---------- Records shown

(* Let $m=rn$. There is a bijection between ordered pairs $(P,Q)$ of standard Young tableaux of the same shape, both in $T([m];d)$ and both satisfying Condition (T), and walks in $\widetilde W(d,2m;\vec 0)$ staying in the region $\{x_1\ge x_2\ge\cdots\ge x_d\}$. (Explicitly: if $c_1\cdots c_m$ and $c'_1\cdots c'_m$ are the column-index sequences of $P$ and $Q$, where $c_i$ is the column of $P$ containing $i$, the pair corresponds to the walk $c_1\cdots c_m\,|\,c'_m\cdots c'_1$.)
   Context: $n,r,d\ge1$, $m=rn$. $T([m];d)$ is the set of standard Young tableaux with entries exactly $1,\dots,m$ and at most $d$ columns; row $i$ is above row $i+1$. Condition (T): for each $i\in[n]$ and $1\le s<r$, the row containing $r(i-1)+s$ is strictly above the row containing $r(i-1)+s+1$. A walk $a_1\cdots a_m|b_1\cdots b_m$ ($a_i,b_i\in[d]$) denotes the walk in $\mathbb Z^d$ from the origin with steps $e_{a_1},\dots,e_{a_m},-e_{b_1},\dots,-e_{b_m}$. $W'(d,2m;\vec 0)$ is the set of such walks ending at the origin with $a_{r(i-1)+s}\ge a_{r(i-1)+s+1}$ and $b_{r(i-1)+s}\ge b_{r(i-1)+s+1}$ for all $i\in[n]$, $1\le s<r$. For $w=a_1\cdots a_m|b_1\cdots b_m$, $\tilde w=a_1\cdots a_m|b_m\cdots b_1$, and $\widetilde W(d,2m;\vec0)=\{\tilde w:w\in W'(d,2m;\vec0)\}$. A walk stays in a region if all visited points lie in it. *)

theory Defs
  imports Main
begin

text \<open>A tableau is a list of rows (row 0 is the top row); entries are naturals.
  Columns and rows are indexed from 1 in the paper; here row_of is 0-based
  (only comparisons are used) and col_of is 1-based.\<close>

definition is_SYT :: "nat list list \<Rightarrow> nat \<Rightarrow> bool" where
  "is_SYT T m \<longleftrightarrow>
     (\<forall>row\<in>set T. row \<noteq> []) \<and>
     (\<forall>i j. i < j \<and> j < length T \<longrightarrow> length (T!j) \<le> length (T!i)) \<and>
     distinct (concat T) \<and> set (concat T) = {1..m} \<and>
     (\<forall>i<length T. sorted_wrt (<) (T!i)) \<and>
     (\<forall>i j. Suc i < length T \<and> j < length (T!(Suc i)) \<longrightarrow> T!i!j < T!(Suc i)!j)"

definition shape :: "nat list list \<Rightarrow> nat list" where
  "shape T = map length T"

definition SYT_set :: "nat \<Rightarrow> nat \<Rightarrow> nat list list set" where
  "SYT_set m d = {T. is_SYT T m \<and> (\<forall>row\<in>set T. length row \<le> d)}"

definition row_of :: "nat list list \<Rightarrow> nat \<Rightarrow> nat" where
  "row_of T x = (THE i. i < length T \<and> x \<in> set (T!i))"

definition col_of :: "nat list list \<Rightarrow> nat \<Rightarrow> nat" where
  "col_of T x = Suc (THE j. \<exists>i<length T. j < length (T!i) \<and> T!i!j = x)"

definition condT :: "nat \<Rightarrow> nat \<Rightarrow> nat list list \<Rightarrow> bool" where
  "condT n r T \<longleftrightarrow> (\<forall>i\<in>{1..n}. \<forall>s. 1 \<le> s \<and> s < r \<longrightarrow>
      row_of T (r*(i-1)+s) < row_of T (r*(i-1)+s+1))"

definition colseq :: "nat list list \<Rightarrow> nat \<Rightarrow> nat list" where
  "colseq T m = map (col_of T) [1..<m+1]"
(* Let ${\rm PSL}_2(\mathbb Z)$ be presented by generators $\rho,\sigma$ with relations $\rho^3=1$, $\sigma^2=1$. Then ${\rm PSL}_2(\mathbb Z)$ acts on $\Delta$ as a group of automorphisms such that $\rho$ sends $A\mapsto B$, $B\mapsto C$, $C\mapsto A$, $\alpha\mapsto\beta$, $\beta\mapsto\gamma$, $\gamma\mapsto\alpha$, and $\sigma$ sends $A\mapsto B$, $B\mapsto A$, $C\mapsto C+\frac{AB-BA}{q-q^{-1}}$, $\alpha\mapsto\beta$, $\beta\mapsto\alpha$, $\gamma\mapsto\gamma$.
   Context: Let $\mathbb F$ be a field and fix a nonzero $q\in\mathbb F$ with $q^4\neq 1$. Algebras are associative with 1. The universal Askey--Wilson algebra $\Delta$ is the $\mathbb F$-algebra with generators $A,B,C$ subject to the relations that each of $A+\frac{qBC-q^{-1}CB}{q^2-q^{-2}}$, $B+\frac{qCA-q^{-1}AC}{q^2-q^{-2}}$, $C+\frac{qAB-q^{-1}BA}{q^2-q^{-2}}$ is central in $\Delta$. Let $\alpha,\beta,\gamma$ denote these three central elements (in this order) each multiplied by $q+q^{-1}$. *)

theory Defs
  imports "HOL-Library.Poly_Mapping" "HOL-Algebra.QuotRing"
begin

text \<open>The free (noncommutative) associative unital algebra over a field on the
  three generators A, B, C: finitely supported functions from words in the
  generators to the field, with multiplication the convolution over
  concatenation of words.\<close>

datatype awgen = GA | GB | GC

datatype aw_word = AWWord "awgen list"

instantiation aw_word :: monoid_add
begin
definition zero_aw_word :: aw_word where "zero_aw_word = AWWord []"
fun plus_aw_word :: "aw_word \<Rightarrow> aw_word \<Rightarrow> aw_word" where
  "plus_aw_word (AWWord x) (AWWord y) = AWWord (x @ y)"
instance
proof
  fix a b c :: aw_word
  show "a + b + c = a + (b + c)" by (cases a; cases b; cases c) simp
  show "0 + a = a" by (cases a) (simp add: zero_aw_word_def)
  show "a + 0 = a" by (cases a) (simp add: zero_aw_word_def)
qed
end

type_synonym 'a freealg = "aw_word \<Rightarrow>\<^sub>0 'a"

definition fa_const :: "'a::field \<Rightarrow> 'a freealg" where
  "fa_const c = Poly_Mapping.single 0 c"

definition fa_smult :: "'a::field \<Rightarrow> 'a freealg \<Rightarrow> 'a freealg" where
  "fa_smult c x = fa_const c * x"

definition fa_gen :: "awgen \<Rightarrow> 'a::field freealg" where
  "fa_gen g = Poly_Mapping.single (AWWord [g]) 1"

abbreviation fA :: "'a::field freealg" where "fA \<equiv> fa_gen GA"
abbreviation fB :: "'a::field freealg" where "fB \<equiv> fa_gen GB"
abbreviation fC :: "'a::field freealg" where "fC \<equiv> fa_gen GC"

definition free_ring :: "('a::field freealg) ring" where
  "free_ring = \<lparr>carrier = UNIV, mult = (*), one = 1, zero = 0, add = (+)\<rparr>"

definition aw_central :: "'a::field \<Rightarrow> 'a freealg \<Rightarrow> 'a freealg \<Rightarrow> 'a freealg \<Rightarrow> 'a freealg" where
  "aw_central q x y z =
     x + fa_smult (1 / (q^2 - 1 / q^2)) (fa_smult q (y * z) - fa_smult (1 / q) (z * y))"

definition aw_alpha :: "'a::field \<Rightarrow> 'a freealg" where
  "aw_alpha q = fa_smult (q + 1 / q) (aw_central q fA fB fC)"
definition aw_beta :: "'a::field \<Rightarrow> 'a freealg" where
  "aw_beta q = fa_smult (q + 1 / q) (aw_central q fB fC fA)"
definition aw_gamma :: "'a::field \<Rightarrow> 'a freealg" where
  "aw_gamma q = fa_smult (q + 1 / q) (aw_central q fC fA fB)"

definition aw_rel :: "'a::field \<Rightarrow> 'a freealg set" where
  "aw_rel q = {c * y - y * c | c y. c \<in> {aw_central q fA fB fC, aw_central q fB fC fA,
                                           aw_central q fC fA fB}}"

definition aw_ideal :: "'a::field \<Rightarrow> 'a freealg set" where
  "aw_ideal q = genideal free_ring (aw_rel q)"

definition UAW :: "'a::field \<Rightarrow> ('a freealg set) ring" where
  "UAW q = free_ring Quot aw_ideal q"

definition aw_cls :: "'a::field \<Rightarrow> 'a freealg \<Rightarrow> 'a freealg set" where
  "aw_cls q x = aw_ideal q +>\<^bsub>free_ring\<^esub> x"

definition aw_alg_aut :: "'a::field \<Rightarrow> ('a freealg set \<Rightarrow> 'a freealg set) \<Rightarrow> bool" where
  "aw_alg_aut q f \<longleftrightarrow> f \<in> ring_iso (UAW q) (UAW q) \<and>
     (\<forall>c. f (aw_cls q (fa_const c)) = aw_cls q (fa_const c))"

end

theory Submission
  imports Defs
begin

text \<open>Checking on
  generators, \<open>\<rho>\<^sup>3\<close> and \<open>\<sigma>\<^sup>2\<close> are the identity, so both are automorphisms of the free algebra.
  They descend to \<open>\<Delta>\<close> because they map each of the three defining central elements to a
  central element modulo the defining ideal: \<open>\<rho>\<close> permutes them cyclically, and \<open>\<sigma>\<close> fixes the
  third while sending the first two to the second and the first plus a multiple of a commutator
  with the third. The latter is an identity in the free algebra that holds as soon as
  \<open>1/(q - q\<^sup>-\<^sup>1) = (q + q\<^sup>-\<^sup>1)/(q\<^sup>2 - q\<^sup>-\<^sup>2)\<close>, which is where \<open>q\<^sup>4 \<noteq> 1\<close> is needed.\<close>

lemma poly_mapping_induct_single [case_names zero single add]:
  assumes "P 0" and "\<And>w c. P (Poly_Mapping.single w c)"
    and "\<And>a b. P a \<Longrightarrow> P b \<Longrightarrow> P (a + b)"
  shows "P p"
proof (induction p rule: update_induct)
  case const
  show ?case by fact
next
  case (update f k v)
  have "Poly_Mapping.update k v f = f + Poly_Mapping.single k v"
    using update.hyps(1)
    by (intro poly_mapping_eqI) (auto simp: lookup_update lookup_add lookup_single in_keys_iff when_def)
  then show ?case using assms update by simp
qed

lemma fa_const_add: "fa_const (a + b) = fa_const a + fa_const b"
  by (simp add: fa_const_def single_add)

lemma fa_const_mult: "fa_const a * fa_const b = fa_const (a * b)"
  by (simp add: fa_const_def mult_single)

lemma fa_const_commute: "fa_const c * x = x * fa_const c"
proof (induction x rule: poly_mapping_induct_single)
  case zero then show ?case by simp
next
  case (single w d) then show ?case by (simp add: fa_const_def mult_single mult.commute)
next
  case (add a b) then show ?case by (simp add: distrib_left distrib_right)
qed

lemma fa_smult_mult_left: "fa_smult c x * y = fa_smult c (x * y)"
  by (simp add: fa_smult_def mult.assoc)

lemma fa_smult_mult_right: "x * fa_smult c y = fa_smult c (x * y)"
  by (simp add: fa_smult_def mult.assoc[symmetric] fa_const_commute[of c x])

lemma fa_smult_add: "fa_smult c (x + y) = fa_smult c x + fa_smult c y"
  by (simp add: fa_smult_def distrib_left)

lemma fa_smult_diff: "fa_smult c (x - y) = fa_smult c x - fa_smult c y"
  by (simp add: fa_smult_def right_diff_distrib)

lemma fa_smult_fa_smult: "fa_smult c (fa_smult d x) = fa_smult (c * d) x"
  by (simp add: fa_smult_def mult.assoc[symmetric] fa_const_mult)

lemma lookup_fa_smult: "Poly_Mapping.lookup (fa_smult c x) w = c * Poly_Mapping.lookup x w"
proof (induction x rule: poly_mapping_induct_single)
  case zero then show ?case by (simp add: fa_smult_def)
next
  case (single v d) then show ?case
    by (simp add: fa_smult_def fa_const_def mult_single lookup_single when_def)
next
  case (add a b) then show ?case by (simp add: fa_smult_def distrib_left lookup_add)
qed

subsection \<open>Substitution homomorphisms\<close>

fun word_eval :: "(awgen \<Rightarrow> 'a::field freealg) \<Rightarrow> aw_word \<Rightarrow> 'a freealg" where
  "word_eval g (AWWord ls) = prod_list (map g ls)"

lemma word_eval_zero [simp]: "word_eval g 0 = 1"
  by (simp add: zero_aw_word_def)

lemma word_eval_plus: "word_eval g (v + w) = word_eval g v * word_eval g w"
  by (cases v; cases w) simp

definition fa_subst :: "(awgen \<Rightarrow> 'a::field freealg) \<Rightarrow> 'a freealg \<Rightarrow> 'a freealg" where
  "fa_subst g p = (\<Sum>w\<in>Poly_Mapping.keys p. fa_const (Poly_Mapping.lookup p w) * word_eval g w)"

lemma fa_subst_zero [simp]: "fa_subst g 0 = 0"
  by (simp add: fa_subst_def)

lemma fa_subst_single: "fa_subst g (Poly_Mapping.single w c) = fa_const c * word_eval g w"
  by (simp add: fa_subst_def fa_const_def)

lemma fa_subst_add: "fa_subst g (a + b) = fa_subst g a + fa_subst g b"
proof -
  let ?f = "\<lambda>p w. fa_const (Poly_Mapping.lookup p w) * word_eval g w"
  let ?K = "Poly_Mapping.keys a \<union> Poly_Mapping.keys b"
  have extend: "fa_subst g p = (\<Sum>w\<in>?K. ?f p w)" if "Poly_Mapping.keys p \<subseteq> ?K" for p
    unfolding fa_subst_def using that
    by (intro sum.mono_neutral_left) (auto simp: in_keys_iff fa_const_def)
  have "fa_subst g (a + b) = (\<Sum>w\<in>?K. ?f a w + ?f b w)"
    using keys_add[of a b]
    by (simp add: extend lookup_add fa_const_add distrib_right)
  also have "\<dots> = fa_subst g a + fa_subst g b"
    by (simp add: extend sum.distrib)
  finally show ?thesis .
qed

--------------------
---------- Records shown

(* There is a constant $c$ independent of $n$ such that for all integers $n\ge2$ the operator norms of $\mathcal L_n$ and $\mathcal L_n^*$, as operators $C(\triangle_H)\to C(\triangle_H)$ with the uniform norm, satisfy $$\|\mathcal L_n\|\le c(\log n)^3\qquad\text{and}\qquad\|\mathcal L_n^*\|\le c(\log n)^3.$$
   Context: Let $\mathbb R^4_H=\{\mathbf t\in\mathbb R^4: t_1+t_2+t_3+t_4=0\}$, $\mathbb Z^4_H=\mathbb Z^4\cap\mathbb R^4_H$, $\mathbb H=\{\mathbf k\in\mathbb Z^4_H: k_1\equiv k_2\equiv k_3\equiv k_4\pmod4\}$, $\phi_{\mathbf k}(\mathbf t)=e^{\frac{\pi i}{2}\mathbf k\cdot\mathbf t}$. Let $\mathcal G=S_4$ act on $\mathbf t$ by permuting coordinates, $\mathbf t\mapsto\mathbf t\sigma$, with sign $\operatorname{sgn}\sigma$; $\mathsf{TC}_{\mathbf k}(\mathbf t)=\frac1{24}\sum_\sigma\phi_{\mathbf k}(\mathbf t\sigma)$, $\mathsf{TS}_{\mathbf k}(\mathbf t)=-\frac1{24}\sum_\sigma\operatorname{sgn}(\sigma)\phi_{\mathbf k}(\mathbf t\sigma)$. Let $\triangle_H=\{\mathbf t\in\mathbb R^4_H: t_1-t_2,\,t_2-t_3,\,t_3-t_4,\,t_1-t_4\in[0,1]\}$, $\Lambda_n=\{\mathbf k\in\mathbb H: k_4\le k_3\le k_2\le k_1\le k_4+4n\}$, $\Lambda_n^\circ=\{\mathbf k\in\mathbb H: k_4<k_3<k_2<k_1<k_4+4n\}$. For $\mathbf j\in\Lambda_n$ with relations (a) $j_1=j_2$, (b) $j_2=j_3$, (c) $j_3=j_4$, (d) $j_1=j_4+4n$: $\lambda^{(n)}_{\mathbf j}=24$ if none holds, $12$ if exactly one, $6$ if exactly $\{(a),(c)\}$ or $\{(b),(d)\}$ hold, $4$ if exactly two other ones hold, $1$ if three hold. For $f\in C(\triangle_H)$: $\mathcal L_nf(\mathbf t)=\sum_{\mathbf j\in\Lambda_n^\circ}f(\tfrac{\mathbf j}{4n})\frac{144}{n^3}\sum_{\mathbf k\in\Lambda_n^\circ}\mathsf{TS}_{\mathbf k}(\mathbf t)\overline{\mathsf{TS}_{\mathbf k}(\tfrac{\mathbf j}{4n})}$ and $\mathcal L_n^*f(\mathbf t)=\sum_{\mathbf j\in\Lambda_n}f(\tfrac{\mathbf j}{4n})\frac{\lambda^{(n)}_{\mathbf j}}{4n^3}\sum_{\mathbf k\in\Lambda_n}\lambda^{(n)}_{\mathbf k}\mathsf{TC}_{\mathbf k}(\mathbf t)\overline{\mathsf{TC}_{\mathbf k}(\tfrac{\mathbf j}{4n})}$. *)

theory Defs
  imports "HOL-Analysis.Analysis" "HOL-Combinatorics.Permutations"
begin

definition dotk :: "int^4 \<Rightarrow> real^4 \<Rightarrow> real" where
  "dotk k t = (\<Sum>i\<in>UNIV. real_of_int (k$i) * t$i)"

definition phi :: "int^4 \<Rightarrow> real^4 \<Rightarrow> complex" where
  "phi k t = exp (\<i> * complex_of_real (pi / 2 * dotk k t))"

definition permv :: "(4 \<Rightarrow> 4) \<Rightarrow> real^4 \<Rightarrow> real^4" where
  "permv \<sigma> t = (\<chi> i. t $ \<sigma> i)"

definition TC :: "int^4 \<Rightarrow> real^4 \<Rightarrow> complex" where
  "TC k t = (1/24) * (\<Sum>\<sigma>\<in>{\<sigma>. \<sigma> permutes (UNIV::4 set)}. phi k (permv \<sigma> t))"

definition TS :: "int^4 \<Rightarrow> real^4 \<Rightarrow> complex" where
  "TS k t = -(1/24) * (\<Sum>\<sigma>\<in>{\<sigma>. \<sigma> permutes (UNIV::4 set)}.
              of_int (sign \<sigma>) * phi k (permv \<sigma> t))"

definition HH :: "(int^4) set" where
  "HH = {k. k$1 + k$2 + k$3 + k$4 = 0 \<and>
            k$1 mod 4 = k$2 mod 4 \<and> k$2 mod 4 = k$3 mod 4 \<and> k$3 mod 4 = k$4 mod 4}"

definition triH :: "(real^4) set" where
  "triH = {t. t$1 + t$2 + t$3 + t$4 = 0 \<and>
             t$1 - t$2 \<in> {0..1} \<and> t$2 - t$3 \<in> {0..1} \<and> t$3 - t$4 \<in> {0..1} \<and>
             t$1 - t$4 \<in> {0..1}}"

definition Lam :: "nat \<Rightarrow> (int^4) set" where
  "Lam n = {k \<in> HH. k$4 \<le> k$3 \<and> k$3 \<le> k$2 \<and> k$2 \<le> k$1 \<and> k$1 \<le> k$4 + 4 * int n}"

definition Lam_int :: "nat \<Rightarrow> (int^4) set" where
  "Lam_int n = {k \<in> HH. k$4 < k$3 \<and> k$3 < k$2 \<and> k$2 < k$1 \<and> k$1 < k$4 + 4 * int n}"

--------------------
---------- Records shown

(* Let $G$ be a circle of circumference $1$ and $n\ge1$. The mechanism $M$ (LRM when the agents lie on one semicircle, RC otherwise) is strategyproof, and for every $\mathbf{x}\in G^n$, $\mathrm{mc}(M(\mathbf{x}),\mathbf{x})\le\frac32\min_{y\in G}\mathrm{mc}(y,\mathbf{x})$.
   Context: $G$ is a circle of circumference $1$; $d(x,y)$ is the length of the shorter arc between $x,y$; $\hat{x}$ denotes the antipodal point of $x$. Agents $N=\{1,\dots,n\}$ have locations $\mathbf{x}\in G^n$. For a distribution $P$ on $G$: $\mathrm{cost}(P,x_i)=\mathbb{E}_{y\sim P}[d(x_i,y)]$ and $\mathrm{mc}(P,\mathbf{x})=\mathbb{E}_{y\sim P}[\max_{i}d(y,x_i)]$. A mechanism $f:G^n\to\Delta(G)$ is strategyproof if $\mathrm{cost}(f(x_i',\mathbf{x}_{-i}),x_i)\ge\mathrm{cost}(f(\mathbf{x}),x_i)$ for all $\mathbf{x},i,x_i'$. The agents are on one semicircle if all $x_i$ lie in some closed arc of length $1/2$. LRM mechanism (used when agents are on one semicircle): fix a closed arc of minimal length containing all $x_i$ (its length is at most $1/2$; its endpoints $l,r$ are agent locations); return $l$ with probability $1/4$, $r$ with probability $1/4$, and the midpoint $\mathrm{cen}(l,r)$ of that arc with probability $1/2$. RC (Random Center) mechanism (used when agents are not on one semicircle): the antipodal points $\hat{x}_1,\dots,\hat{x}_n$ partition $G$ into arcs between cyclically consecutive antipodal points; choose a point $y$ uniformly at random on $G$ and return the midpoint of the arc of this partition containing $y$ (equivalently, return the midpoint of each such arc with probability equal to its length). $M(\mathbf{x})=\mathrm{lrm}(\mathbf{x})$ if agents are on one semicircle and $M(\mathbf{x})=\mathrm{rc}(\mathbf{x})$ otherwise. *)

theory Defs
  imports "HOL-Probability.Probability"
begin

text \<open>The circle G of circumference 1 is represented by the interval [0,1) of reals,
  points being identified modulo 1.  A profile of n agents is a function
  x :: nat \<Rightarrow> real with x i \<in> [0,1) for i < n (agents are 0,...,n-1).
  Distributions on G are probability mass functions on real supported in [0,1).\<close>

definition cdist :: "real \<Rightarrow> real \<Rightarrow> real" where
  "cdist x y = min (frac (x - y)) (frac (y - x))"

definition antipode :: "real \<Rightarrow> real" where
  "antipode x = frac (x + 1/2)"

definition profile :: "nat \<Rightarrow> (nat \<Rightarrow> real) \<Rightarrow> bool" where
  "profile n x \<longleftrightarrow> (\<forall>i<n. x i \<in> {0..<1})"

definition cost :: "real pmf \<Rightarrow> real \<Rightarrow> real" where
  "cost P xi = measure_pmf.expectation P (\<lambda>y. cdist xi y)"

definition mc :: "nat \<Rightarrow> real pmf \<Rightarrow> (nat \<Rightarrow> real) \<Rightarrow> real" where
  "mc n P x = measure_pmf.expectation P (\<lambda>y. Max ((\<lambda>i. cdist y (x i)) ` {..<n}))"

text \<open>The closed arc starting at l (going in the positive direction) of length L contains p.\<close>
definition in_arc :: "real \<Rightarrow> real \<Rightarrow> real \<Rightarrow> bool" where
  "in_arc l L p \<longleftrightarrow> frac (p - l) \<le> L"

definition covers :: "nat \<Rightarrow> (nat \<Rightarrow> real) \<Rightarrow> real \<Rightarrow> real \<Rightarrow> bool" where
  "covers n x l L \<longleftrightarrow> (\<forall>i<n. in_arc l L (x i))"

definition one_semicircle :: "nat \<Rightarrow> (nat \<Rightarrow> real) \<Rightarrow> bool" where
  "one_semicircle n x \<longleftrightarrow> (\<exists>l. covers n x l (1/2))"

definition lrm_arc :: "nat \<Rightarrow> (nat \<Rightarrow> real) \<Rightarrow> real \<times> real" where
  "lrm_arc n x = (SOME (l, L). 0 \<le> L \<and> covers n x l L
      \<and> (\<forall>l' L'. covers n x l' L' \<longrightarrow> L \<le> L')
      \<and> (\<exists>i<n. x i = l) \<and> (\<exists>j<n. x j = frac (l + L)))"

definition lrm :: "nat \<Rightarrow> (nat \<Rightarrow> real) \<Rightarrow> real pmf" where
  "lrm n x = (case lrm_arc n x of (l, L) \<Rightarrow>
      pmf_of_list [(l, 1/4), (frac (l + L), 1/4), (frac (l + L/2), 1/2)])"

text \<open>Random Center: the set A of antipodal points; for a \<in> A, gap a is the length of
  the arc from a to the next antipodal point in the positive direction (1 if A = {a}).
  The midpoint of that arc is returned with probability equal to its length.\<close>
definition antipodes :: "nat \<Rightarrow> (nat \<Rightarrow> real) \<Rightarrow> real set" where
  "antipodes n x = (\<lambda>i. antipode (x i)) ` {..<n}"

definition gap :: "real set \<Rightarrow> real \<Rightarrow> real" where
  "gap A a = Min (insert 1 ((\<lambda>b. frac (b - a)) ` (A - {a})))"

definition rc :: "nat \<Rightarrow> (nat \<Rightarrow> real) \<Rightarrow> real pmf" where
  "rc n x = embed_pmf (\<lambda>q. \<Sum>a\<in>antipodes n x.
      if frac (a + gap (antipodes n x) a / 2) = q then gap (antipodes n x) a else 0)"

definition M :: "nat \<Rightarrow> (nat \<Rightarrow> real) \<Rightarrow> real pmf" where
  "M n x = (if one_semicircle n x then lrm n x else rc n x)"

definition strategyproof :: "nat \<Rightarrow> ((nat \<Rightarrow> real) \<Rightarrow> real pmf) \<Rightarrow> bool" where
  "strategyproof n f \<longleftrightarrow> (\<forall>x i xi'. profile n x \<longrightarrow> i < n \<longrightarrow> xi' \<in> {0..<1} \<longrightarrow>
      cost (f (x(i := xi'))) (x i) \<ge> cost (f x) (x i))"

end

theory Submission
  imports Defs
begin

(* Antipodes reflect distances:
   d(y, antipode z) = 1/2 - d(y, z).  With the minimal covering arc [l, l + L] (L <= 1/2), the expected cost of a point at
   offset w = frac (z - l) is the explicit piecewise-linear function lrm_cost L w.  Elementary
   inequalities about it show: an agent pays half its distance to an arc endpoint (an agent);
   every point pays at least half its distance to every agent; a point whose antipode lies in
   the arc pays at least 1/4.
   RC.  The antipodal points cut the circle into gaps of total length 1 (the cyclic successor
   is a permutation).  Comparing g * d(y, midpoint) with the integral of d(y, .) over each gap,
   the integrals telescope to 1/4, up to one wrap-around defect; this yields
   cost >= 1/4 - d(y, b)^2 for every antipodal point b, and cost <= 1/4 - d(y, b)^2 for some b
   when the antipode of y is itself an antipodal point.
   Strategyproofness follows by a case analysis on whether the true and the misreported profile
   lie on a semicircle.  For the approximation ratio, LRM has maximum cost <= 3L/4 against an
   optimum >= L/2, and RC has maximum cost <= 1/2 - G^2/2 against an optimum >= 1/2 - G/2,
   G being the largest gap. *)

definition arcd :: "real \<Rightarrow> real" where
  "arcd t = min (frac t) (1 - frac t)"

--------------------

_Instructions to follow_.
If a line in the entries above contains "words", it counts toward the total; give only that total.

_Task answer_.
2